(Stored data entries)
⟨

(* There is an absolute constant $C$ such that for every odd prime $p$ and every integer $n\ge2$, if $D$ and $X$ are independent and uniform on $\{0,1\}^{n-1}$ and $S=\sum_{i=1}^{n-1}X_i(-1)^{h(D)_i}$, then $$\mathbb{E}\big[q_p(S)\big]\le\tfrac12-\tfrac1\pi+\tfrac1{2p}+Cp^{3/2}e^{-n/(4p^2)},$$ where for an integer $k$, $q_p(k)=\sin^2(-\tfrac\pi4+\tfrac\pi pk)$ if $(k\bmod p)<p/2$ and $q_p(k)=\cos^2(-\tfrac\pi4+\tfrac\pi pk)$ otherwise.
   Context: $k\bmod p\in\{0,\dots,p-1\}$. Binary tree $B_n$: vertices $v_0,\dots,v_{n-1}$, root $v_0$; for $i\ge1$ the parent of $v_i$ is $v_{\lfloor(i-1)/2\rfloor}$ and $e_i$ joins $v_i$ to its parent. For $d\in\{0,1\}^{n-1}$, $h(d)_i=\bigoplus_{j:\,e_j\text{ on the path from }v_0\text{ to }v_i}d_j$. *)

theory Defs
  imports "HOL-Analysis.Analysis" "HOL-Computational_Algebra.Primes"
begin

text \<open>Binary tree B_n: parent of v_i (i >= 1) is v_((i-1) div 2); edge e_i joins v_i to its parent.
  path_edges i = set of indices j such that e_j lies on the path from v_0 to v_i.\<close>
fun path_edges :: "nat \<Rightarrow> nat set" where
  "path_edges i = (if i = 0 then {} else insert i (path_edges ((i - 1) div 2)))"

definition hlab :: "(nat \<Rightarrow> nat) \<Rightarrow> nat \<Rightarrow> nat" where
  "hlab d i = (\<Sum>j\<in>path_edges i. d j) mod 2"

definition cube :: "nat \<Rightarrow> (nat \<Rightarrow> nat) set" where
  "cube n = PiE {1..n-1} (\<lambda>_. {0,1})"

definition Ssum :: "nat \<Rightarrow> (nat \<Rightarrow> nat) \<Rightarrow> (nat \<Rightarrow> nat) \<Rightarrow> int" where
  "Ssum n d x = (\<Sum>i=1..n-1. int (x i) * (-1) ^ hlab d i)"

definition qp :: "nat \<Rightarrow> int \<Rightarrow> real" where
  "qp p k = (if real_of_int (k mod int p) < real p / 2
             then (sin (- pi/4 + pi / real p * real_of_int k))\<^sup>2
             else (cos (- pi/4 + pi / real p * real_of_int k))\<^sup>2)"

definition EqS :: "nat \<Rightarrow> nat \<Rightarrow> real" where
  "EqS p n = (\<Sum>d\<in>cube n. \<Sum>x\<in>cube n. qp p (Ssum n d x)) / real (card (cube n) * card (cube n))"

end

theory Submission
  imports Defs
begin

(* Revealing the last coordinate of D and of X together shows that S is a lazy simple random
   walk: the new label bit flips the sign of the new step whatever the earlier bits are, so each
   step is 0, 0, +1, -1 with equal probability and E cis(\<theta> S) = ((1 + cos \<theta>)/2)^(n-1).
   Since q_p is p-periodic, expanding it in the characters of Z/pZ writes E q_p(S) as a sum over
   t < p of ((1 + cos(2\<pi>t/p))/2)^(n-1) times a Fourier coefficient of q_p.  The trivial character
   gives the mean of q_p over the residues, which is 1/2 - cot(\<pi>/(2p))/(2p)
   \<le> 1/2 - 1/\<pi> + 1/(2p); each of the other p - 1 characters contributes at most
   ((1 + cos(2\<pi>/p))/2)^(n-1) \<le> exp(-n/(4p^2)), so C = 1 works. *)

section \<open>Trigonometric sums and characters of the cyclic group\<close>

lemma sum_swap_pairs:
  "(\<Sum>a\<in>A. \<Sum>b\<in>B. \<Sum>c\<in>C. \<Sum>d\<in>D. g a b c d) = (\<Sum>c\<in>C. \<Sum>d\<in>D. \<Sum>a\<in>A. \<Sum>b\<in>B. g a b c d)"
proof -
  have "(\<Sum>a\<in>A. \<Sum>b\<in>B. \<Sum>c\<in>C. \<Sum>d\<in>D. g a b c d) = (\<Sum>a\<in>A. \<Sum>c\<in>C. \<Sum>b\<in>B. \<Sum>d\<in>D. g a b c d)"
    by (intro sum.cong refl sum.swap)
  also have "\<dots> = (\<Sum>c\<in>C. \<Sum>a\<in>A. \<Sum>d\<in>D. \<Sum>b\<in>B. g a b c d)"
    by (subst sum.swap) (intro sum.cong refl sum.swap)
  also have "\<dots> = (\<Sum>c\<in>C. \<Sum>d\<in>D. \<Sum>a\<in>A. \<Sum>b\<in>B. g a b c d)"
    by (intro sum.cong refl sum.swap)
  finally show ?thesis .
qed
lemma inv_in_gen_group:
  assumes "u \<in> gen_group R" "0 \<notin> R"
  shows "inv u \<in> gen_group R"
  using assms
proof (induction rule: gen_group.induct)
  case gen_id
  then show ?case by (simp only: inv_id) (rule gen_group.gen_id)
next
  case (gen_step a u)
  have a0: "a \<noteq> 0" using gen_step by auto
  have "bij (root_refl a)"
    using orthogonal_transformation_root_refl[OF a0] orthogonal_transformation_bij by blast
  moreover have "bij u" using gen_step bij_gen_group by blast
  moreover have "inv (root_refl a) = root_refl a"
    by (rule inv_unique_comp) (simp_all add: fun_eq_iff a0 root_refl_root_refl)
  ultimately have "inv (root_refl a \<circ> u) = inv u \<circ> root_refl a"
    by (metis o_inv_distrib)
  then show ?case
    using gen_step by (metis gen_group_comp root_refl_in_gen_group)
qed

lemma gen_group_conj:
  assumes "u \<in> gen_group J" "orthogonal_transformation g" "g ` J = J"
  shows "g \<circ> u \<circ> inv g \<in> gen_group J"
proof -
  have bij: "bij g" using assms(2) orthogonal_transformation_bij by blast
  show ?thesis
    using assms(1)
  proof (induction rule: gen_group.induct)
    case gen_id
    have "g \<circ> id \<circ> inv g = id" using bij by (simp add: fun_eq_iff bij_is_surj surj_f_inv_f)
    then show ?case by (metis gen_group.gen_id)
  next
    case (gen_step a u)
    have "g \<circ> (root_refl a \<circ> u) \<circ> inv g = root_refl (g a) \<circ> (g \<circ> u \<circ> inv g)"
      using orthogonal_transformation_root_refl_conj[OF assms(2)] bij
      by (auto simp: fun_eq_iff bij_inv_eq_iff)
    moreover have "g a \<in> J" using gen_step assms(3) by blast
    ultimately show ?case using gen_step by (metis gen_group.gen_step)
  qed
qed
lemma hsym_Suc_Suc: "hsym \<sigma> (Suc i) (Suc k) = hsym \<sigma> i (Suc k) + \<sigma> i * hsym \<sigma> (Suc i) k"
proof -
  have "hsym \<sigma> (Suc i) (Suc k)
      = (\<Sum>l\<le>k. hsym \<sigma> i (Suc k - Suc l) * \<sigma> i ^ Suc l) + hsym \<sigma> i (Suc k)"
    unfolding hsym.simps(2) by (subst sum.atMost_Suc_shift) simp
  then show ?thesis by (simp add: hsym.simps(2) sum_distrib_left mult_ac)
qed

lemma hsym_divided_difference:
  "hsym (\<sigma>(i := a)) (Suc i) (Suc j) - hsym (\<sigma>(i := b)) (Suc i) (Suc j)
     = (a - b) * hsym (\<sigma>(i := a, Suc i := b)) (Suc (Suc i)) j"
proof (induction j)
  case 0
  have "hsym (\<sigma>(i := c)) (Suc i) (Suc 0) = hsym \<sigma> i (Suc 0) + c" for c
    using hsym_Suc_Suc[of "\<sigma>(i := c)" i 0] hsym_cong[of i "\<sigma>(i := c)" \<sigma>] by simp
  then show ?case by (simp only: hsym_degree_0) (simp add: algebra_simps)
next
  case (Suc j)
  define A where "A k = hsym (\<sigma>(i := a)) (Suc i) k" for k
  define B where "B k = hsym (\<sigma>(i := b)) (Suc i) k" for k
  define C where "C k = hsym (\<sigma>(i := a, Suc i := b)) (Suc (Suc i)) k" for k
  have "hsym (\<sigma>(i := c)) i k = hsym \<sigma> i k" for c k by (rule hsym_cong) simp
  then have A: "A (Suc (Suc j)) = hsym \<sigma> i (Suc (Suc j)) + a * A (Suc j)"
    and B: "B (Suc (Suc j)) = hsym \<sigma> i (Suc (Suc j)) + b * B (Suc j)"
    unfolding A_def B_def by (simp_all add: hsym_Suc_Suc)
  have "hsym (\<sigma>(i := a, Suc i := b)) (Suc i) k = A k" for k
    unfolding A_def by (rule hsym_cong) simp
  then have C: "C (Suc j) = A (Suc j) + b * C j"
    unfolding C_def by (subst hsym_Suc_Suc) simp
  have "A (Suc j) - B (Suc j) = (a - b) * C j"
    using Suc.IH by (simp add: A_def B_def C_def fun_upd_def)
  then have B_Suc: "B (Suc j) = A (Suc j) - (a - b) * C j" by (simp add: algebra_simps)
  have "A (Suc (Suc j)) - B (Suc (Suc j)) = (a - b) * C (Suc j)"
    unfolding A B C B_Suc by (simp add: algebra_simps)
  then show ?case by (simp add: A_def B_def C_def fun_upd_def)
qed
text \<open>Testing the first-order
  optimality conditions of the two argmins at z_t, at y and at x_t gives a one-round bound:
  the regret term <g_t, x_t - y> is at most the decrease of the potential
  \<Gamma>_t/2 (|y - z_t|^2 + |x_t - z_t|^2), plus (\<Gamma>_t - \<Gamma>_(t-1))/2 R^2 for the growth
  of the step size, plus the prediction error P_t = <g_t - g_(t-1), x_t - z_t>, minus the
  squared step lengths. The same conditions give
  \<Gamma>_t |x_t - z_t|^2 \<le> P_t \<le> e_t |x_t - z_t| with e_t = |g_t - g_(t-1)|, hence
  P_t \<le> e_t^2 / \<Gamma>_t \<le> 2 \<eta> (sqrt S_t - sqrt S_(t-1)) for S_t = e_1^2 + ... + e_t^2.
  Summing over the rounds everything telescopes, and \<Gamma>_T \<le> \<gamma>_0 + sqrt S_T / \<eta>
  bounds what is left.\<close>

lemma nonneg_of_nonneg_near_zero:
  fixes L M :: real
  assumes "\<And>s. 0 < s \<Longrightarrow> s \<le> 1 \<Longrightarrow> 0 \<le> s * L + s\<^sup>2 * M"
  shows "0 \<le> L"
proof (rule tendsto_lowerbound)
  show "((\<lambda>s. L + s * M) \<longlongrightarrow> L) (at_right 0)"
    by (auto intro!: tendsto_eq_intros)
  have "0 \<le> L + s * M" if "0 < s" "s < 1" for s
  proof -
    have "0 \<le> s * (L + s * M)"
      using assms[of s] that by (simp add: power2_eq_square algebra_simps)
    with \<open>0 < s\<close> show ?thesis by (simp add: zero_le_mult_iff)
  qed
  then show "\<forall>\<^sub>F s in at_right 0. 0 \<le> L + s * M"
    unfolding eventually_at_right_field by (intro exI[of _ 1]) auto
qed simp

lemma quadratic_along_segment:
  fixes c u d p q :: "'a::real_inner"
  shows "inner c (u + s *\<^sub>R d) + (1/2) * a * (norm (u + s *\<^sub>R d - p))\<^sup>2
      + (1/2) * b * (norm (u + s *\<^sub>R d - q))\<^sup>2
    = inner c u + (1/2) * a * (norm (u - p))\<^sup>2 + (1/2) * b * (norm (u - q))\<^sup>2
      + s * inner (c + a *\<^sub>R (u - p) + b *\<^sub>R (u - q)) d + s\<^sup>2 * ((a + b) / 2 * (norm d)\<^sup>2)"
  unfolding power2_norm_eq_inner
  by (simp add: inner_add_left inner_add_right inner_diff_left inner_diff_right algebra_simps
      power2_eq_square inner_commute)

⟩

**DESCRIPTION OF THE TASK:**
Every line that holds the word "case" should be copied from the records.

**OUTPUT FOR THIS EXERCISE:**
  case gen_id
  then show ?case by (simp only: inv_id) (rule gen_group.gen_id)
  case (gen_step a u)
  then show ?case
    case gen_id
    then show ?case by (metis gen_group.gen_id)
    case (gen_step a u)
    ultimately show ?case using gen_step by (metis gen_group.gen_step)
  case 0
  then show ?case by (simp only: hsym_degree_0) (simp add: algebra_simps)
  case (Suc j)
  then show ?case by (simp add: A_def B_def C_def fun_upd_def)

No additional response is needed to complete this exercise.